WHAT THE TASK REQUIRES:
Among the lines below, count those that include "reweighting", and state the count alone.

RECORDS:
== Segment start ==

(* Let $k \geq 2$ and $n \geq 1$ be integers, let $\Sigma_k = \{0,1,\ldots,k-1\}$, and let $\mathcal{D}$ be the set of primitive words in $\Sigma_k^n$. Consider the following procedure, which outputs symbols one at a time: (1) output $0^{n-1}$; (2) repeatedly, letting $x$ be the last $n-1$ symbols output so far, choose the largest $i \in \{0,\ldots,k-1\}$ such that $xi$ is primitive and $xi$ has not yet appeared as a factor of the word output so far, and output $i$; terminate when there is no such $i$. Then this procedure terminates and outputs a word of length $|\mathcal{D}| + n - 1$ that contains every primitive word in $\Sigma_k^n$ as a factor.
   Context: A word $w$ is primitive if there is no word $x$ and integer $p \geq 2$ with $w = x^p$. A factor (subword) of a word is a contiguous block of consecutive symbols. *)

theory Defs
  imports Main "HOL-Library.Sublist"
begin

text \<open>Words over \<Sigma>_k = {0..k-1} are lists of naturals with entries < k.
  Factor = contiguous subword = sublist (HOL-Library.Sublist).\<close>

definition primitive :: "'a list \<Rightarrow> bool" where
  "primitive w \<longleftrightarrow> \<not> (\<exists>x p. p \<ge> (2::nat) \<and> w = concat (replicate p x))"

definition prim_words :: "nat \<Rightarrow> nat \<Rightarrow> nat list set" where
  "prim_words k n = {w. length w = n \<and> set w \<subseteq> {..<k} \<and> primitive w}"

definition next_sym :: "nat \<Rightarrow> nat \<Rightarrow> nat list \<Rightarrow> nat option" where
  "next_sym k n w =
     (let x = drop (length w - (n - 1)) w;
          S = {i. i < k \<and> primitive (x @ [i]) \<and> \<not> sublist (x @ [i]) w}
      in if S = {} then None else Some (Max S))"

text \<open>Output after m steps (stays fixed once the procedure has stopped).\<close>
primrec gen :: "nat \<Rightarrow> nat \<Rightarrow> nat \<Rightarrow> nat list" where
  "gen k n 0 = replicate (n - 1) 0"
| "gen k n (Suc m) = (case next_sym k n (gen k n m) of
       None \<Rightarrow> gen k n m
     | Some i \<Rightarrow> gen k n m @ [i])"

end

theory Submission
  imports Defs
begin

text \<open>Each length-n factor e of the output is an edge butlast e \<rightarrow> tl e of the de Bruijn
  graph on words of length n - 1, and the output is a trail from 0^(n-1) that never repeats an
  edge and uses only primitive ones; hence its length is the number of edges plus n - 1, and the
  procedure terminates.  Since primitivity is invariant under rotation, the primitive edges into
  a node correspond to those out of it, so when the procedure stops the trail is closed at
  0^(n-1), and every node all of whose out-edges are used has all of its in-edges used.  By
  greediness, all out-edges of a node x are used as soon as its edge with the least admissible
  symbol c is, which is the case once all out-edges of the node tl x c are used.  Induction on
  the number of trailing zeros then covers every node: for c = 0 the node tl x 0 has more
  trailing zeros, and for c \<noteq> 0 the word x 0 is a proper power, and a period argument shows
  that appending zeros to tl x c walks along primitive edges to a node with more trailing
  zeros.\<close>

section \<open>Primitive words and periods\<close>

lemma rotate1_concat_replicate:
  "rotate1 (concat (replicate p x)) = concat (replicate p (rotate1 x))"
proof (induction p)
  case (Suc p)
  show ?case
  proof (cases x)
    case (Cons a b)
    then show ?thesis using Suc by (cases p) auto
  qed simp
qed simp

lemma not_primitive_rotate: "\<not> primitive w \<Longrightarrow> \<not> primitive (rotate m w)"
proof (induction m)
  case (Suc m)
  then show ?case unfolding primitive_def
    by (metis rotate_Suc rotate1_concat_replicate)
qed simp

lemma primitive_Cons_iff_snoc: "primitive (a # y) \<longleftrightarrow> primitive (y @ [a])"
proof
  show "primitive (y @ [a])" if "primitive (a # y)"
    using that not_primitive_rotate[of "y @ [a]" "length y"] by (auto simp: rotate_append)
  show "primitive (a # y)" if "primitive (y @ [a])"
    using that not_primitive_rotate[of "a # y" 1] by auto
qed

definition periodic :: "nat \<Rightarrow> 'a list \<Rightarrow> bool" where
  "periodic d w \<longleftrightarrow> (\<forall>i < length w. \<forall>j < length w. i mod d = j mod d \<longrightarrow> w ! i = w ! j)"

lemma concat_replicate_nth:
  "i < p * length x \<Longrightarrow> concat (replicate p x) ! i = x ! (i mod length x)"
proof (induction p arbitrary: i)
  case (Suc p)
  then show ?case
    by (cases "i < length x") (auto simp: nth_append le_mod_geq)
qed simp

lemma not_primitive_imp_periodic:
  assumes "\<not> primitive w" "w \<noteq> []"
  obtains d where "0 < d" "d < length w" "d dvd length w" "periodic d w"
proof -
  obtain x p where p: "p \<ge> 2" and w: "w = concat (replicate p x)"
    using assms(1) unfolding primitive_def by auto
  have lw: "length w = p * length x"
    unfolding w by (simp add: length_concat sum_list_replicate)
  have pos: "0 < length x"
    using assms(2) lw by (cases "length x") auto
  have "1 * length x < p * length x"
    using p pos by (intro mult_strict_right_mono) auto
  then have "length x < length w" using lw by simp
  moreover have "periodic (length x) w"
    unfolding periodic_def using concat_replicate_nth[of _ p x] lw w by auto
  ultimately show thesis using that pos lw by (metis dvd_triv_right)
qed
lemma transport_cost_glued_le:
  "transport_cost R.glued \<le> ennreal (2 * C * (1 + 2 * C * La) / a0 * expected_dist)"
proof -
  have bound: "ennreal ((dist x y)\<^sup>2) \<le> ennreal ((2 * C)\<^sup>2)"
    if "x \<in> cball 0 C" "y \<in> cball 0 C" for x y :: 'a
    by (meson that dist_le_if_in_cball ennreal_leI power_mono zero_le_dist)
  have "transport_cost R.glued
      \<le> ennreal (2 * C / a0 * expected_dist) + ennreal ((2 * C)\<^sup>2) * ennreal R.excess"
    unfolding transport_cost_def
    by (rule order_trans[OF R.nn_integral_glued_le[OF _ _ _ AE_in_cball bound]
          add_right_mono[OF common_cost_le]]) auto
  also have "\<dots> = ennreal (2 * C / a0 * expected_dist + (2 * C)\<^sup>2 * R.excess)"
    using C_nonneg a0_pos expected_dist_nonneg R.excess_nonneg by (simp add: ennreal_mult ennreal_plus)
  also have "\<dots> \<le> ennreal (2 * C * (1 + 2 * C * La) / a0 * expected_dist)"
  proof (rule ennreal_leI)
    have "(2 * C)\<^sup>2 * R.excess \<le> (2 * C)\<^sup>2 * (La * expected_dist / a0)"
      using excess_le_expected_dist by (intro mult_left_mono) auto
    moreover have "2 * C / a0 * expected_dist + (2 * C)\<^sup>2 * (La * expected_dist / a0)
        = 2 * C * (1 + 2 * C * La) / a0 * expected_dist"
      using a0_pos by (simp add: field_simps power2_eq_square)
    ultimately show "2 * C / a0 * expected_dist + (2 * C)\<^sup>2 * R.excess
        \<le> 2 * C * (1 + 2 * C * La) / a0 * expected_dist"
      by linarith
  qed
  finally show ?thesis .
qed

lemma W2_reweight_le:
  "W2 (reweight a Q) (reweight a Qh)
    \<le> sqrt (2 * C * (1 + 2 * C * La) / a0 * (\<integral>z. dist (fst z) (snd z) \<partial>P))"
  using C_nonneg a0_pos lipschitz_on_nonneg[OF a_lipschitz] expected_dist_nonneg
  unfolding expected_dist_def[symmetric]
  by (intro W2_le_sqrt_if_coupling[OF glued_in_couplings _ transport_cost_glued_le]) simp

end

theorem lemmaB7:
  fixes Q Qh :: "'a::euclidean_space measure"
    and a :: "'a \<Rightarrow> real"
    and C a0 La :: real
  assumes "C > 0"
    and "prob_space Q" and "sets Q = sets borel"
    and "prob_space Qh" and "sets Qh = sets borel"
    and "AE x in Q. x \<in> cball 0 C"
    and "AE x in Qh. x \<in> cball 0 C"
    and "a \<in> borel_measurable borel"
    and "\<forall>x \<in> cball 0 C. 0 \<le> a x \<and> a x \<le> 1"
    and "a0 > 0"
    and "\<forall>x \<in> cball 0 C. a x \<ge> a0"
    and "La-lipschitz_on (cball 0 C) a"
  shows "W2 (reweight a Q) (reweight a Qh)
           \<le> sqrt (2 * C * (1 + 2 * C * La) / a0 * W2 Q Qh)"
proof -
  (* Clamping a to [a0, 1] changes it only off the ball, which Q and Qh do not charge. *)
  define a' where "a' x = max a0 (min 1 (a x))" for x
  have a_eq_a': "x \<in> cball 0 C \<Longrightarrow> a x = a' x" for x
    using assms(9,11) by (auto simp: a'_def)
  have a'_measurable: "a' \<in> borel_measurable borel"
    unfolding a'_def[abs_def] using assms(8) by measurable
  have reweight_a': "reweight a M = reweight a' M"
    if "sets M = sets borel" "AE x in M. x \<in> cball 0 C" for M
    using that assms(8) a'_measurable
    by (intro reweight_cong_AE)
       (auto simp: a_eq_a' measurable_cong_sets[OF that(1)] elim!: eventually_mono)
  have "0 \<in> cball (0::'a) C" using assms(1) by simp
  then have "a0 \<le> 1" using assms(9,11) by fastforce
  then have reweighting: "lipschitz_reweighting Q Qh a' C a0 La P" if "P \<in> couplings Q Qh" for P
    using assms that a'_measurable
    by unfold_locales (auto simp: a'_def lipschitz_on_def simp flip: a_eq_a')
  have product_coupling: "Q \<Otimes>\<^sub>M Qh \<in> couplings Q Qh"
    using assms by (intro pair_measure_in_couplings)
  have "transport_cost (Q \<Otimes>\<^sub>M Qh) < \<top>"
    using transport_cost_le_if_cball_supported[OF product_coupling assms(6,7)]
    by (simp add: le_less_trans)
  moreover have "0 < 2 * C * (1 + 2 * C * La) / a0"
    using assms lipschitz_on_nonneg[OF assms(12)] by (simp add: add_pos_nonneg)
  ultimately have "W2 (reweight a' Q) (reweight a' Qh)
      \<le> sqrt (2 * C * (1 + 2 * C * La) / a0 * W2 Q Qh)"
    using lipschitz_reweighting.W2_reweight_le[OF reweighting]
    by (intro W2_le_sqrt_mult_W2_if_expected_dist_bound[OF _ product_coupling])
  then show ?thesis using assms by (simp add: reweight_a')
qed
lemma quad_form_add_scaled:
  assumes "sym_matrix M"
  shows "quad_form M T (\<lambda>t. x t + \<tau> * w t) = quad_form M T x
           + 2 * \<tau> * (\<Sum>s\<in>T. w s * (\<Sum>t\<in>T. M s t * x t)) + \<tau>^2 * quad_form M T w"
proof -
  have swap: "(\<Sum>s\<in>T. \<Sum>t\<in>T. M s t * x s * w t) = (\<Sum>s\<in>T. \<Sum>t\<in>T. M s t * w s * x t)"
    by (subst sum.swap) (use assms in \<open>simp add: sym_matrix_def algebra_simps\<close>)
  have "quad_form M T (\<lambda>t. x t + \<tau> * w t) = quad_form M T x
      + \<tau> * (\<Sum>s\<in>T. \<Sum>t\<in>T. M s t * x s * w t) + \<tau> * (\<Sum>s\<in>T. \<Sum>t\<in>T. M s t * w s * x t)
      + \<tau>^2 * quad_form M T w"
    unfolding quad_form_def by (simp add: algebra_simps sum.distrib sum_distrib_left power2_eq_square)
  also have "\<dots> = quad_form M T x + 2 * \<tau> * (\<Sum>s\<in>T. w s * (\<Sum>t\<in>T. M s t * x t))
      + \<tau>^2 * quad_form M T w"
    unfolding swap by (simp add: algebra_simps sum_distrib_left)
  finally show ?thesis .
qed

lemma linear_plus_quadratic_nonneg_imp_zero:
  fixes B C :: real
  assumes "0 \<le> B" and nonneg: "\<And>\<tau>. 0 \<le> 2 * \<tau> * C + \<tau>^2 * B"
  shows "C = 0"
proof (rule ccontr)
  assume "C \<noteq> 0"
  define e where "e = 1 / (B + 1)"
  have "e > 0" "e * B < 1" using assms(1) by (auto simp: e_def field_simps)
  have "2 * (- e * C) * C + (- e * C)^2 * B = e * C^2 * (e * B - 2)"
    by (simp add: algebra_simps power2_eq_square)
  also have "\<dots> < 0" using \<open>e > 0\<close> \<open>e * B < 1\<close> \<open>C \<noteq> 0\<close> by (intro mult_pos_neg) auto
  finally show False using nonneg[of "- e * C"] by linarith
qed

== Segment end ==

TASK RESULT:
2